Though these poems can’t mend our broken world, they can surely illuminate it for us with their wisdom and craft. Jean Nordhaus is a poet of keen intelligence, her language spare but resonant. This new book offers many pleasures and should earn for its author the large readership she has long deserved. — Linda Pastan

Remnants from the broken world gathered from the ancient distance– “God’s light/ fled to all the corners of the world,” come to rest in Kafka’s teacup—incongruous, unexpected journeys these poems make.

And unlike any other poetry collection I know, these remnants resurface, carrying their earlier threads, hauntingly resonant in their next incarnation. We have testimony from those who leaped, those who washed up on shore, the one who carries his childhood in a shoebox, but when he opens it can only arrange his soldiers for war. Or from the arrow: “the keening of the cleft air as you pass,” “the wound of arrival.”

And, in a powerful group of poems –“On the Road to Qumran” from desert to cave, ancient scrolls to Dead Sea, from beginnings—a baby in a soldier’s arms–to the unlikely and painful reality of the present, “its fat legs/ straddling his gun.

We have the rarity of a book of poetry that sustains a coherence, its parts echoing back and forth upon one another, the interplay of the memos threaded throughout the work and coming finally, in “Breaking Dishes,” back to us. “God’s light” broken still and the child who still hungers “for a lost, unblemished land.” Yet it is precisely and only from what is broken that birth is possible.

This is an exceptional, powerful collection of poetry by Jean Nordhaus.
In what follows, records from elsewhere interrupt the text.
lemma self_inter_yau_cycle: "inter M Y Y = int (Suc m) * inter M Z Z"
proof -
  have "(\<Sum>l\<le>m. inter M (D i) (D l)) = inter M Z Z" if "i \<le> m" for i
  proof -
    have "(\<Sum>l\<le>m. inter M (D i) (D l)) = (\<Sum>l\<le>m. if l = i then inter M Z Z else 0)"
    proof (rule sum.cong[OF refl])
      fix l assume "l \<in> {..m}"
      then show "inter M (D i) (D l) = (if l = i then inter M Z Z else 0)"
        using zmin_cond_coeff_A(2) yau_seq_zmin_cond[of i] yau_seq_inter_eq_0[of i l]
          yau_seq_inter_eq_0[of l i] inter_commute[of "D i" "D l"] that
        by (cases l i rule: linorder_cases) auto
    qed
    with that show ?thesis by simp
  qed
  then have "inter M Y Y = (\<Sum>i\<le>m. inter M Z Z)"
    unfolding yau_cycle_def inter_sum_left inter_sum_right by simp
  then show ?thesis by simp
qed

lemma interE_yau_cycle: "interE M Y E = (\<Sum>i\<le>m. interE M (D i) E)"
  unfolding yau_cycle_def by (rule interE_sum)

lemma interE_yau_cycle_A: "interE M Y A = interE M (Zmin M g) A"
proof -
  have "0 < Zmin M g A"
    using zmin_cond_coeff_A(1)[of "Zmin M g"] Zmin_least fund_cycle_pos[of A] by simp
  then have "(\<Sum>i\<le>m. interE M (D i) A) = (\<Sum>i\<le>m. if i = m then interE M (Zmin M g) A else 0)"
    using yau_continues ends_at_Zmin by (intro sum.cong) auto
  then show ?thesis
    unfolding interE_yau_cycle by simp
qed

text \<open>Z_min\<cdot>E vanishes on every (-2)-curve E in its support (it is \<ge> 0 by minimality
  and \<le> 0 since Z_min = D_m), so Z_min\<cdot>Z_min reduces to the A-term.\<close>
lemma fund_cycle_A_mult_interE_Zmin: "Z A * interE M (Zmin M g) A = inter M Z Z"
proof -
  have Zmin: "zmin_cond M g (Zmin M g)" using Zmin_least by blast
  have "Zmin M g j * interE M (Zmin M g) j = 0" if "j \<noteq> A" for j
  proof (cases "0 < Zmin M g j")
    case True
    then show ?thesis
      using Zmin_interE_nonneg[OF that] yau_seq_interE_nonpos[of m j] ends_at_Zmin by simp
  next
    case False
    then show ?thesis using zmin_cond_nonneg[OF Zmin, of j] by simp
  qed
  then have "inter M (Zmin M g) (Zmin M g) = (\<Sum>j\<in>UNIV. curve A j * (Zmin M g A * interE M (Zmin M g) A))"
    unfolding inter_eq_sum_interE by (intro sum.cong) (auto simp: curve_def)
  then show ?thesis
    using zmin_cond_coeff_A[OF Zmin] by (simp add: sum_curve_mult)
qed

text \<open>Since Y\<cdot>Y = (m+1) Z\<cdot>Z = Y_A (Y\<cdot>A), the remaining terms Y_E (Y\<cdot>E), E \<noteq> A, sum to 0;
  each is nonnegative, hence zero.\<close>
lemma interE_yau_cycle_eq_0:
  assumes "E \<noteq> A"
  shows "interE M Y E = 0"
proof -
  define w where "w j = (if j = A then 0 else Y j * interE M Y j)" for j
  have "inter M Y Y = (\<Sum>j\<in>UNIV. curve A j * (Y A * interE M Y A) + w j)"
    unfolding inter_eq_sum_interE w_def by (intro sum.cong) (auto simp: curve_def)
  also have "\<dots> = Y A * interE M Y A + (\<Sum>j\<in>UNIV. w j)"
    by (simp add: sum.distrib sum_curve_mult)
  finally have "(\<Sum>j\<in>UNIV. w j) = 0"
    using yau_cycle_A self_inter_yau_cycle interE_yau_cycle_A fund_cycle_A_mult_interE_Zmin
    by (simp add: algebra_simps)
  moreover have "0 \<le> w j" for j
    using yau_cycle_pos[of j] sum_interE_yau_seq_nonneg[of j] interE_yau_cycle[of j]
    by (simp add: w_def)
  ultimately have "w E = 0"
    by (simp add: sum_nonneg_eq_0_iff)
  then show ?thesis
    using assms yau_cycle_pos[of E] by (simp add: w_def)
qed

lemma canonical_cycle_eq_multiple_of_yau_cycle:
  "canonical_cycle M g
     = (\<lambda>i. real_of_int (Z A * KE M g A) / - real_of_int (inter M Z Z) * real_of_int (Y i))"
proof (rule canonical_cycle_eqI)
  fix i
  let ?c = "real_of_int (Z A * KE M g A) / - real_of_int (inter M Z Z)"
  have "(\<Sum>j\<in>UNIV. ?c * real_of_int (Y j) * real_of_int (M j i)) = ?c * real_of_int (interE M Y i)"
    unfolding interE_def by (simp add: of_int_sum sum_distrib_left mult.assoc)
  also have "\<dots> = - real_of_int (KE M g i)"
  proof (cases "i = A")
    case True
    have "inter M Z Z < 0" using inter_self_neg[OF fund_cycle_nonzero] .
    moreover have "real_of_int (Z A) * real_of_int (interE M (Zmin M g) A) = real_of_int (inter M Z Z)"
      using fund_cycle_A_mult_interE_Zmin by (metis of_int_mult)
    ultimately show ?thesis
      using True by (simp add: interE_yau_cycle_A field_simps)
  qed (simp add: interE_yau_cycle_eq_0 KE_eq_0)
  finally show "(\<Sum>j\<in>UNIV. ?c * real_of_int (Y j) * real_of_int (M j i)) = - real_of_int (KE M g i)" .
qed

end

theorem proposition3p6:
  fixes M :: "'e::finite \<Rightarrow> 'e \<Rightarrow> int" and g :: "'e \<Rightarrow> int" and A :: 'e and m :: nat
  assumes "resolution_data M g"
    and "minimal_resolution M g"
    and "pf M g > 0"
    and "essentially_irreducible M g (fund_cycle M)"
    and "fund_cycle M A > 0" and "\<not> minus2_curve M g A"
    and "KE M g A + inter M (fund_cycle M) (fund_cycle M) \<ge> 0"
    and "yau_last M g m"
    and "yau_seq M g m = Zmin M g"
  shows "canonical_cycle M g =
     (\<lambda>i. ((2 - 2 * pf M g) / real_of_int (inter M (fund_cycle M) (fund_cycle M)) + 1)
          * real_of_int (yau_cycle M g m i))"
proof -
  interpret yau_sequence_ending_at_Zmin M g A m
    by unfold_locales (use assms in auto)
  have "inter M Z Z < 0"
    using inter_self_neg[OF fund_cycle_nonzero] .
  then have "(2 - 2 * pf M g) / real_of_int (inter M Z Z) + 1
      = real_of_int (Z A * KE M g A) / - real_of_int (inter M Z Z)"
    by (simp add: pf_eq field_simps)
  then show ?thesis
    using canonical_cycle_eq_multiple_of_yau_cycle by simp
qed
definition tcurve_ok ::
  "nat \<Rightarrow> nat \<Rightarrow> (nat \<Rightarrow> int^'n::finite) \<Rightarrow> (nat \<Rightarrow> int) \<Rightarrow> real^'n \<Rightarrow> 'n tcurve \<Rightarrow> bool" where
  "tcurve_ok r l \<Delta> c p \<Gamma> \<longleftrightarrow>
    (let V = tverts \<Gamma>; E = tedges \<Gamma> in
     finite V \<and> V \<noteq> {} \<and>
     (\<forall>e\<in>E. \<exists>u v. e = {u, v} \<and> u \<in> V \<and> v \<in> V \<and> u \<noteq> v) \<and>
     card E + 1 = card V \<and>
     (\<forall>u\<in>V. \<forall>v\<in>V. (u, v) \<in> (adj E)\<^sup>*) \<and>
     (\<forall>j<l. tleg \<Gamma> j \<in> V) \<and> tmark \<Gamma> \<in> V \<and>
     (\<forall>e\<in>E. twt \<Gamma> e > 0) \<and>
     (\<forall>v\<in>V. card {e\<in>E. v \<in> e} + card {j. j < l \<and> tleg \<Gamma> j = v}
              + (if tmark \<Gamma> = v then 1 else 0) \<ge> 3) \<and>
     (\<forall>u v. {u, v} \<in> E \<longrightarrow> tpos \<Gamma> u \<noteq> tpos \<Gamma> v \<and>
              (\<exists>a::int^'n. \<exists>t>0. tpos \<Gamma> v - tpos \<Gamma> u = t *\<^sub>R of_intv a)) \<and>
     (\<forall>v\<in>V. (\<Sum>u\<in>{u. {u, v} \<in> E}. real (twt \<Gamma> {u, v}) *\<^sub>R of_intv (prim_dir (tpos \<Gamma> u - tpos \<Gamma> v)))
            + (\<Sum>j\<in>{j. j < l \<and> tleg \<Gamma> j = v}. real_of_int (c j) *\<^sub>R of_intv (\<Delta> j)) = 0) \<and>
     tpos \<Gamma> (tmark \<Gamma>) = p \<and>
     card {e\<in>E. tmark \<Gamma> \<in> e} + card {j. j < l \<and> tleg \<Gamma> j = tmark \<Gamma>} = CARD('n) + r)"

definition tcurve_iso :: "nat \<Rightarrow> ('n::finite) tcurve \<Rightarrow> 'n tcurve \<Rightarrow> bool" where
  "tcurve_iso l \<Gamma> \<Gamma>' \<longleftrightarrow> (\<exists>f. bij_betw f (tverts \<Gamma>) (tverts \<Gamma>') \<and>
     (\<forall>u\<in>tverts \<Gamma>. \<forall>v\<in>tverts \<Gamma>. {u, v} \<in> tedges \<Gamma> \<longleftrightarrow> {f u, f v} \<in> tedges \<Gamma>') \<and>
     (\<forall>u\<in>tverts \<Gamma>. \<forall>v\<in>tverts \<Gamma>. {u, v} \<in> tedges \<Gamma> \<longrightarrow> twt \<Gamma>' {f u, f v} = twt \<Gamma> {u, v}) \<and>
     (\<forall>j<l. tleg \<Gamma>' j = f (tleg \<Gamma> j)) \<and> tmark \<Gamma>' = f (tmark \<Gamma>) \<and>
     (\<forall>v\<in>tverts \<Gamma>. tpos \<Gamma>' (f v) = tpos \<Gamma> v))"

text \<open>The translate to p of the union of the rays of the fan: one vertex at p carrying
  all markings.\<close>

definition star_curve :: "real^'n::finite \<Rightarrow> 'n tcurve" where
  "star_curve p = \<lparr>tverts = {0}, tedges = {}, twt = (\<lambda>_. 0), tleg = (\<lambda>_. 0),
                   tmark = 0, tpos = (\<lambda>_. p)\<rparr>"

text \<open>Lambda^k M is represented by integer-valued alternating k-linear forms on N
  (functions of lists of length k); a form is a pair (degree, function).\<close>

type_synonym 'n form = "nat \<times> ((int^'n) list \<Rightarrow> int)"
type_synonym 'n mono = "(int^'n) \<times> 'n form"

definition wedge :: "('n::finite) form \<Rightarrow> 'n form \<Rightarrow> 'n form" where
  "wedge a b = (case a of (k, f) \<Rightarrow> case b of (m, g) \<Rightarrow>
     (k + m, \<lambda>vs. \<Sum>S\<in>{S. S \<subseteq> {0..<k+m} \<and> card S = k}.
        (-1) ^ (\<Sum>S - k * (k - 1) div 2) * f (nths vs S) * g (nths vs ({0..<k+m} - S))))"

definition contract :: "int^'n::finite \<Rightarrow> 'n form \<Rightarrow> 'n form" where
  "contract n a = (case a of (k, f) \<Rightarrow> (k - 1, \<lambda>vs. if k = 0 then 0 else f (n # vs)))"

definition mono_unit :: "('n::finite) mono" where
  "mono_unit = (0, (0, \<lambda>_. 1))"

definition mmul :: "('n::finite) mono \<Rightarrow> 'n mono \<Rightarrow> 'n mono" where
  "mmul x y = (fst x + fst y, wedge (snd x) (snd y))"

definition prodl :: "('n::finite) mono list \<Rightarrow> 'n mono" where
  "prodl zs = foldr mmul zs mono_unit"

definition ell :: "('n::finite) mono list \<Rightarrow> 'n mono" where
  "ell zs = (case prodl zs of (n, a) \<Rightarrow> (n, contract n a))"

definition nord :: "('n::finite) list" where
  "nord = (SOME xs. distinct xs \<and> set xs = UNIV)"

definition detform :: "(int^'n::finite) list \<Rightarrow> int" where
  "detform vs = det (\<chi> i j. (vs ! (THE k. k < length (nord::'n list) \<and> nord ! k = i)) $ j)"

definition zetaP :: "('n::finite) mono" where
  "zetaP = (0, (CARD('n), detform))"

definition incoming :: "nat \<Rightarrow> (nat \<Rightarrow> int^'n::finite) \<Rightarrow> (nat \<Rightarrow> int) \<Rightarrow> 'n tcurve \<Rightarrow> nat \<Rightarrow> 'n mono list" where
  "incoming l \<Delta> c \<Gamma> v =
     map (\<lambda>j. (c j *s \<Delta> j, (0, \<lambda>_. 1))) (filter (\<lambda>j. tleg \<Gamma> j = v) [0..<l])
     @ (if tmark \<Gamma> = v then [zetaP] else [])"

text \<open>u is a child of v w.r.t. the sink s: edge {u,v}, and v lies on the side of s.\<close>
definition child :: "nat set set \<Rightarrow> nat \<Rightarrow> nat \<Rightarrow> nat \<Rightarrow> bool" where
  "child E s v u \<longleftrightarrow> {u, v} \<in> E \<and> (v, s) \<in> (adj (E - {{u, v}}))\<^sup>*"

fun zeta :: "nat \<Rightarrow> (nat \<Rightarrow> int^'n::finite) \<Rightarrow> (nat \<Rightarrow> int) \<Rightarrow> 'n tcurve \<Rightarrow> nat \<Rightarrow> nat \<Rightarrow> nat \<Rightarrow> 'n mono" where
  "zeta l \<Delta> c \<Gamma> s 0 v = mono_unit"
| "zeta l \<Delta> c \<Gamma> s (Suc k) v =
     ell (incoming l \<Delta> c \<Gamma> v @
          map (zeta l \<Delta> c \<Gamma> s k) (sorted_list_of_set {u. child (tedges \<Gamma>) s v u}))"

text \<open>Mult: sink = least vertex; zeta_Gamma = product over edges at the sink; its index in
  Lambda^n M = |coefficient w.r.t. the generator|, read off by evaluating on a basis.\<close>
definition tmult :: "nat \<Rightarrow> (nat \<Rightarrow> int^'n::finite) \<Rightarrow> (nat \<Rightarrow> int) \<Rightarrow> 'n tcurve \<Rightarrow> nat" where
  "tmult l \<Delta> c \<Gamma> =
    (let s = Min (tverts \<Gamma>);
         zs = incoming l \<Delta> c \<Gamma> s @
              map (zeta l \<Delta> c \<Gamma> s (card (tverts \<Gamma>))) (sorted_list_of_set {u. child (tedges \<Gamma>) s s u})
     in nat \<bar>snd (snd (prodl zs)) (map (\<lambda>i. axis i 1) (nord::'n list))\<bar>)"

end

theory Submission
  imports Defs
begin

text \<open>Every vertex of a tropical curve other than the one carrying the interior marking has
  at least three incident edges and legs, while the \<open>\<psi>\<^sup>n\<^sup>+\<^sup>r\<^sup>-\<^sup>2\<close>-condition puts
  \<open>n + r\<close> of them at the marked vertex. A product of \<open>r\<close> fake weighted projective spaces of
  total dimension \<open>n\<close> has exactly \<open>n + r\<close> rays, so the marked vertex carries as many flags as
  there are legs altogether. Counting flags then gives \<open>2|E| + (n + r) \<ge> 3|E| + (n + r)\<close> for a tree, hence there is no
  compact edge and the curve is the star of the fan placed at the point. Its multiplicity is
  computed at the single vertex: all leg factors lie in degree \<open>0\<close> of the exterior algebra,
  so \<open>\<zeta>\<^sub>\<Gamma>\<close> is the generator of \<open>\<Lambda>\<^sup>nM\<close> carried by the interior marking.\<close>

lemma card_eq_sum_card_fibers:
  assumes "finite A" "finite B" "f ` A \<subseteq> B"
  shows "card A = (\<Sum>b\<in>B. card {a\<in>A. f a = b})"
  using sum.group[OF assms, of "\<lambda>_. 1 :: nat"] by simp

lemma fwps_product_card_rays:
  fixes cblk :: "'n::finite \<Rightarrow> nat"
  assumes "fwps_product r l \<Delta> blk cblk w"
  shows "l = CARD('n) + r"
proof -
  have blk: "\<forall>j<l. blk j < r" and cblk: "\<forall>i. cblk i < r"
    and rays: "\<forall>b<r. card {j. j < l \<and> blk j = b} = card {i. cblk i = b} + 1"
    using assms unfolding fwps_product_def by auto
  have "l = (\<Sum>b<r. card {j\<in>{..<l}. blk j = b})"
    using card_eq_sum_card_fibers[of "{..<l}" "{..<r}" blk] blk by auto
  also have "\<dots> = (\<Sum>b<r. card {i\<in>UNIV. cblk i = b} + 1)"
    using rays by (intro sum.cong) auto
  also have "\<dots> = CARD('n) + r"
  proof -
    have "CARD('n) = (\<Sum>b<r. card {i\<in>UNIV. cblk i = b})"
      using card_eq_sum_card_fibers[of UNIV "{..<r}" cblk] cblk by auto
    then show ?thesis by (subst sum.distrib) simp
  qed
  finally show ?thesis .
qed

lemma fwps_product_has_blocks:
  fixes cblk :: "'n::finite \<Rightarrow> nat"
  assumes "fwps_product r l \<Delta> blk cblk w"
  shows "0 < r"
  using assms unfolding fwps_product_def by auto

lemma of_intv_sum:
  "of_intv (\<Sum>j\<in>A. c j *s \<Delta> j) = (\<Sum>j\<in>A. real_of_int (c j) *\<^sub>R of_intv (\<Delta> j))"
  unfolding of_intv_def
  by (induction A rule: infinite_finite_induct) (auto simp: vec_eq_iff algebra_simps)

lemma tcurve_ok_star_curve:
  fixes \<Delta> :: "nat \<Rightarrow> int^'n::finite"
  assumes "fwps_product r l \<Delta> blk cblk w"
    and balanced: "(\<Sum>j<l. c j *s \<Delta> j) = 0"
  shows "tcurve_ok r l \<Delta> c p (star_curve p)"
proof -
  have l: "l = CARD('n) + r" and "0 < r"
    using fwps_product_card_rays[OF assms(1)] fwps_product_has_blocks[OF assms(1)] .
  then have "3 \<le> l + 1"
    using zero_less_card_finite[where 'a='n] by linarith
  moreover have "(\<Sum>j<l. real_of_int (c j) *\<^sub>R of_intv (\<Delta> j)) = 0"
    using of_intv_sum[of c \<Delta> "{..<l}"] balanced by (simp add: of_intv_def vec_eq_iff)
  moreover have "{j. j < l} = {..<l}" by auto
  ultimately show ?thesis
    using l unfolding tcurve_ok_def star_curve_def by (simp add: adj_def)
qed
The reader will be grateful to live in this landscape and to make the journey with the poet. — Myra Sklarew, May 2015



Memos from the Broken World featured in the Washington Independent Review of Books (Grace Cavalieri)

Memos from the Broken World reviewed at Innisfree Poetry Journal (Anne Harding Woodworth)


To Words

their shapes and sounds and syllables
their silences, the little song they make in the mouth,
the way they fill with breath and sail away
or whirl like caged winds in the dark brain-closet

to their swift couplings, the strict rules
that keep them dancing in lines,
the way they break out and return,

to the ones that return
and the ones unspoken,
the ones released and regretted—
even you, little foxes, false friends,

to words that ushered us in:
Mama, Papa, dog — whatever moves in us
and moves us, monkey heritage passed down,
potsherds of history I hold in my mouth when I speak,

to my mother’s words that will circle in me till I die,
to dead words lying on their sides in airless tombs
their songs silenced, feathers furled,

whole languages extinguished, with their flavors
and flowers and hymns and innuendoes,
their epics and curses, the voices they lived in.


Read “I Was Always Leaving” at the A Year of Being Here blog


About Jean Nordhaus
Jean Nordhaus has published six books of poetry. Innocence won the Charles B. Wheeler Prize and was published by Ohio State University Press in November, 2006. Her earlier books include The Porcelain Apes of Moses Mendelssohn (Milkweed Editions) and My Life in Hiding (Quarterly Review of Literature Volume 30). She has published work in American Poetry Review, the New Republic, Poetry, Best American Poetry, and Pushcart Prize: Best of the Small Presses. She lives in Washington, DC and serves as Review Editor for Poet Lore, the oldest continuously publishing poetry journal in the U.S.